Natural Language Processing in Legal Practice
Online legal databases have been the traditional approach to conduct legal research and find case law. However, natural language processing is taking over by streamlining the entire research process. This article explains how natural language processing works and how it’s impacting legal practice.
What is Natural Language Processing?
Natural Language Processing is a subdivision of artificial intelligence which concerns the relationship between algorithms and written and spoken human language. It is based on a data-driven algorithm that makes inferences by identifying complex patterns in data sets . This type of data training is used to process and understand language within its context . Using natural language processing, computer programs can translate text, respond to spoken instructions and summarise large data volumes.

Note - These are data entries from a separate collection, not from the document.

theorem lemma3p2:
  fixes mu1 mu2 :: "'a::topological_space measure"
    and A B :: "'a set set"
  assumes "sets mu1 = sets borel" and "sets mu2 = sets borel"
    and "finite_measure mu1" and "finite_measure mu2"
    and "\<exists>m. sets m = sets borel \<and>
           (\<forall>S\<in>sets borel. emeasure mu1 S = emeasure mu2 S + emeasure m S)"
    and "meas_partition A" and "finite A"
    and "meas_partition B"
  shows "cond_entropy mu1 A B \<ge> cond_entropy mu2 A B"
proof -
  obtain m where "\<forall>S\<in>sets borel. emeasure mu1 S = emeasure mu2 S + emeasure m S"
    using assms(5) by blast
  then have le: "mu2 \<le> mu1"
    using assms(1,2) by (subst le_measure) auto
  show ?thesis
  proof (cases "measure mu2 (space mu2) = 0")
    case True
    then show ?thesis
      using cond_entropy_nonneg[OF assms(1,3,6,7)] by (simp add: cond_entropy_def)
  next
    case False
    then have "0 < measure mu2 (space mu2)" using measure_nonneg[of mu2 "space mu2"] by linarith
    note approx = cond_entropy_le_plus_truncation_error[OF assms(1-4) le this assms(6,7)]
    show ?thesis by (rule le_of_le_plus_neg_mult_ln) (rule approx)
  qed
qed

end
lemma lift_path:
  assumes q1: "quasi_discrete X1 N1" and q2: "quasi_discrete X2 N2"
    and sim: "modal_sim_conv X1 N1 V1 X2 N2 V2 \<rho>"
    and p: "p \<in> paths X1 N1" and r: "(p n, y) \<in> \<rho>"
  shows "\<exists>q\<in>paths X2 N2. q n = y \<and> (\<forall>k. (p k, q k) \<in> \<rho>)"
proof -
  have fwd: "forth (edges X1 N1) (edges X2 N2) \<rho>"
    and bwd: "forth ((edges X1 N1)\<inverse>) ((edges X2 N2)\<inverse>) \<rho>"
    using sim unfolding modal_sim_conv_def by blast+
  have "\<forall>k. (p k, p (Suc k)) \<in> edges X1 N1" using p paths_iff_edges[OF q1] by blast
  then obtain q where q: "q n = y" "\<forall>k. (q k, q (Suc k)) \<in> edges X2 N2" "\<forall>k. (p k, q k) \<in> \<rho>"
    using lift_chain[OF fwd bwd, of p n y] r by blast
  then have "q \<in> paths X2 N2" using paths_iff_edges[OF q2] by blast
  with q show ?thesis by blast
qed

definition lockstep_paths ::
  "'a set \<Rightarrow> ('a \<Rightarrow> 'a set set) \<Rightarrow> 'b set \<Rightarrow> ('b \<Rightarrow> 'b set set) \<Rightarrow> ('a \<times> 'b) set \<Rightarrow>
   (((nat \<Rightarrow> 'a) \<times> nat) \<times> ((nat \<Rightarrow> 'b) \<times> nat)) set" where
  "lockstep_paths X1 N1 X2 N2 \<rho> =
     {((p, n), (q, m)). p \<in> paths X1 N1 \<and> q \<in> paths X2 N2 \<and> n = m \<and> (\<forall>k. (p k, q k) \<in> \<rho>)}"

Artificial intelligence in natural language processing is also commonly used in document review and reduces the drawbacks of traditional legal research. It has been reported that the global natural language processing market size is expected to grow from $10.2 billion in 2019 to $26.4 billion in 2024, which is a 21% increase each year . This reflects how natural language processing is becoming a priority and suggests that traditional methods for legal research are now becoming obsolete.
How does it work?
Natural language processing operates to process human languages and overcoming ambiguity. It applies linguistics, statistics and computer science to written and spoken language . An extremely popular example of an natural language processing is the use of Google search. Following a word being typed, Google automatically suggests searches related to it to predict what users are looking for when they type . The more Google is used, the more it learns the user’s specific language and accurately predicts their next search.
This combination of continued use and learning is how artificial intelligence works in natural language processing when carrying out legal research. As a result, natural language processing can be used to retrieve and extract key information from audio recordings or lengthy documents, recognise and convert speech to text and correctly interpret questions to provide the right answer . Due to the technology’s ability to repeatedly learn, the right information is retrieved despite the user not being able to articulate their question in their search clearly.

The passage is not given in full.